Beyond Next-Token Prediction: A Performance Characterization of Diffusion versus Autoregressive Language Models
- URL: http://arxiv.org/abs/2510.04146v1
- Date: Sun, 05 Oct 2025 10:50:52 GMT
- Title: Beyond Next-Token Prediction: A Performance Characterization of Diffusion versus Autoregressive Language Models
- Authors: Minseo Kim, Coleman Hooper, Aditya Tomar, Chenfeng Xu, Mehrdad Farajtabar, Michael W. Mahoney, Kurt Keutzer, Amir Gholami,
- Abstract summary: Large Language Models (LLMs) have achieved state-of-the-art performance on a broad range of Natural Language Processing (NLP) tasks.<n>Recently, Diffusion Language Models (DLMs) have emerged as a promising alternative architecture.

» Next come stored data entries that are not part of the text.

(* Let $m, n$ be positive integers with $m \mid n$, let $N < 2^n$ be a positive integer, and let $x < 2^m$ be an odd positive integer. Let $x_{\mathrm{minv}}$ be the inverse of $x$ modulo $2^m$. Define $z_0 = 0$ and, for $j = 0, 1, \ldots, \frac{n-2m}{m}$: $N_j = \lfloor N/2^{jm}\rfloor \bmod 2^m$; $\mathsf{ctrl}_j = \big[x_{\mathrm{minv}}\,(N_j - z_j)\big] \bmod 2^m \in [0, 2^m-1]$; $z'_j = z_j + \mathsf{ctrl}_j \cdot x$; and $z_{j+1} = \lfloor z'_j / 2^m\rfloor$. Then $0 \le z_j < x$ for all $j = 0, 1, \ldots, \frac{n-m}{m}$; $0 \le z'_j < 2^{2m}$ for all $j = 0, 1, \ldots, \frac{n-2m}{m}$; and $\mathsf{ctrl}_j = \lfloor z'_j / x\rfloor$ for all $j = 0, 1, \ldots, \frac{n-2m}{m}$. *)

theory Defs
  imports "HOL-Number_Theory.Cong"
begin

definition Ndig :: "nat \<Rightarrow> int \<Rightarrow> nat \<Rightarrow> int" where
  "Ndig m N j = (N div 2 ^ (j * m)) mod 2 ^ m"

fun zseq :: "nat \<Rightarrow> int \<Rightarrow> int \<Rightarrow> int \<Rightarrow> nat \<Rightarrow> int" where
  "zseq m N x xminv 0 = 0"
| "zseq m N x xminv (Suc j) =
     (let z = zseq m N x xminv j;
          c = (xminv * (Ndig m N j - z)) mod 2 ^ m
      in (z + c * x) div 2 ^ m)"

definition ctrl :: "nat \<Rightarrow> int \<Rightarrow> int \<Rightarrow> int \<Rightarrow> nat \<Rightarrow> int" where
  "ctrl m N x xminv j = (xminv * (Ndig m N j - zseq m N x xminv j)) mod 2 ^ m"

definition zprime :: "nat \<Rightarrow> int \<Rightarrow> int \<Rightarrow> int \<Rightarrow> nat \<Rightarrow> int" where
  "zprime m N x xminv j = zseq m N x xminv j + ctrl m N x xminv j * x"

end

theory Submission
  imports Defs
begin

text \<open>Only \<open>0 \<le> ctrl\<^sub>j < 2\<^sup>m\<close> and \<open>0 < x < 2\<^sup>m\<close> matter: if \<open>0 \<le> z\<^sub>j < x\<close> then
  \<open>z'\<^sub>j = z\<^sub>j + ctrl\<^sub>j x < x + (2\<^sup>m - 1) x = 2\<^sup>m x \<le> 2\<^sup>2\<^sup>m\<close>, so \<open>z\<^sub>j\<^sub>+\<^sub>1 = z'\<^sub>j div 2\<^sup>m < x\<close>,
  and \<open>z'\<^sub>j div x = ctrl\<^sub>j\<close> because \<open>z\<^sub>j\<close> is a remainder modulo \<open>x\<close>.\<close>

lemma add_mult_less_mult:
  fixes z c x b :: int
  assumes "0 \<le> z" and "z < x" and "c < b"
  shows "z + c * x < b * x"
proof -
  have "z + c * x < (c + 1) * x"
    using assms(2) by (simp add: algebra_simps)
  also have "\<dots> \<le> b * x"
    using assms by (intro mult_right_mono) auto
  finally show ?thesis .
qed

lemma int_div_less_of_less_mult:
  fixes a b c :: int
  assumes "0 < b" and "a < c * b"
  shows "a div b < c"
proof (rule ccontr)
  assume "\<not> a div b < c"
  then have "c * b \<le> a div b * b"
    using assms(1) by (simp add: mult_right_mono)
  also have "\<dots> \<le> a"
    using assms(1) by (simp add: minus_mod_eq_div_mult [symmetric])
  finally show False
    using assms(2) by simp
qed

lemma ctrl_nonneg: "0 \<le> ctrl m N x xminv j"
  by (simp add: ctrl_def)

lemma ctrl_less: "ctrl m N x xminv j < 2 ^ m"
  by (simp add: ctrl_def)

lemma zseq_Suc_eq_zprime_div: "zseq m N x xminv (Suc j) = zprime m N x xminv j div 2 ^ m"
  by (simp add: zprime_def ctrl_def Let_def)

lemma zseq_bounds:
  assumes "0 < x"
  shows "0 \<le> zseq m N x xminv j \<and> zseq m N x xminv j < x"
proof (induction j)
  case 0
  then show ?case
    using assms by simp
next
  case (Suc j)
  have "0 \<le> zprime m N x xminv j"
    using Suc assms ctrl_nonneg[of m N x xminv j] by (simp add: zprime_def)
  moreover have "zprime m N x xminv j < x * 2 ^ m"
    using Suc ctrl_less[of m N x xminv j] add_mult_less_mult
    by (simp add: zprime_def mult.commute)
  ultimately show ?case
    unfolding zseq_Suc_eq_zprime_div by (simp add: int_div_less_of_less_mult pos_imp_zdiv_nonneg_iff)
qed

lemma zprime_nonneg:
  assumes "0 < x"
  shows "0 \<le> zprime m N x xminv j"
  using zseq_bounds[OF assms] ctrl_nonneg[of m N x xminv j] assms by (simp add: zprime_def)

lemma zprime_less:
  assumes "0 < x" and "x \<le> 2 ^ m"
  shows "zprime m N x xminv j < 2 ^ (2 * m)"
proof -
  have "zprime m N x xminv j < 2 ^ m * x"
    using zseq_bounds[OF assms(1)] ctrl_less add_mult_less_mult by (simp add: zprime_def)
  also have "\<dots> \<le> 2 ^ m * 2 ^ m"
    using assms(2) by simp
  finally show ?thesis
    by (simp add: mult_2 power_add)
qed

lemma ctrl_eq_zprime_div:
  assumes "0 < x"
  shows "ctrl m N x xminv j = zprime m N x xminv j div x"
  using zseq_bounds[OF assms] assms by (simp add: zprime_def)

theorem proposition4p4:
  fixes m n :: nat and N x xminv :: int
  assumes "0 < m" and "0 < n" and "m dvd n"
    and "0 < N" and "N < 2 ^ n"
    and "0 < x" and "odd x" and "x < 2 ^ m"
    and "[x * xminv = 1] (mod 2 ^ m)" and "0 \<le> xminv" and "xminv < 2 ^ m"
  shows "(\<forall>j. j < n div m \<longrightarrow> 0 \<le> zseq m N x xminv j \<and> zseq m N x xminv j < x)
       \<and> (\<forall>j. j + 2 \<le> n div m \<longrightarrow> 0 \<le> zprime m N x xminv j \<and> zprime m N x xminv j < 2 ^ (2 * m))
       \<and> (\<forall>j. j + 2 \<le> n div m \<longrightarrow> ctrl m N x xminv j = zprime m N x xminv j div x)"
  using zseq_bounds[OF \<open>0 < x\<close>] zprime_nonneg[OF \<open>0 < x\<close>]
    zprime_less[OF \<open>0 < x\<close> less_imp_le[OF \<open>x < 2 ^ m\<close>]] ctrl_eq_zprime_div[OF \<open>0 < x\<close>]
  by blast

end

- Score: 82.87985794856803
- License: http://creativecommons.org/licenses/by/4.0/
- Abstract: Large Language Models (LLMs) have achieved state-of-the-art performance on a broad range of Natural Language Processing (NLP) tasks, including document processing and coding. Autoregressive Language Models (ARMs), which generate tokens sequentially conditioned on all previous tokens, have been the predominant paradigm for LLMs. However, while these networks have achieved high accuracy across a range of downstream tasks, they exhibit low arithmetic intensity due to the inherent sequential dependency with next-token prediction. Recently, Diffusion Language Models (DLMs) have emerged as a promising alternative architecture. DLMs generate output text in parallel, breaking the limitations of sequential dependency. However, the performance implications of DLMs relative to commonly deployed ARMs are not fully understood. In this work, we present a comprehensive performance study analyzing the performance characteristics of ARMs and DLMs, using both theoretical analysis and profiling data to characterize the trade-offs between these approaches. We illustrate that although DLMs exhibit higher arithmetic intensity compared to ARMs because of their capability to utilize parallelism across sequence lengths, they fail to scale effectively to longer contexts. We then explore DLMs with block-wise decoding, outlining how this approach allows for increased arithmetic intensity, while still scaling well to long contexts (similar to ARMs). We also show interesting trade-offs for batched inference, where we find that ARMs exhibit superior throughput, as they benefit more from parallelism across sequences in the batch. Finally, we highlight opportunities for accelerating DLM inference, and, in particular, highlight the importance of reducing the number of sampling steps for allowing open-source DLMs to provide improved latency relative to ARMs.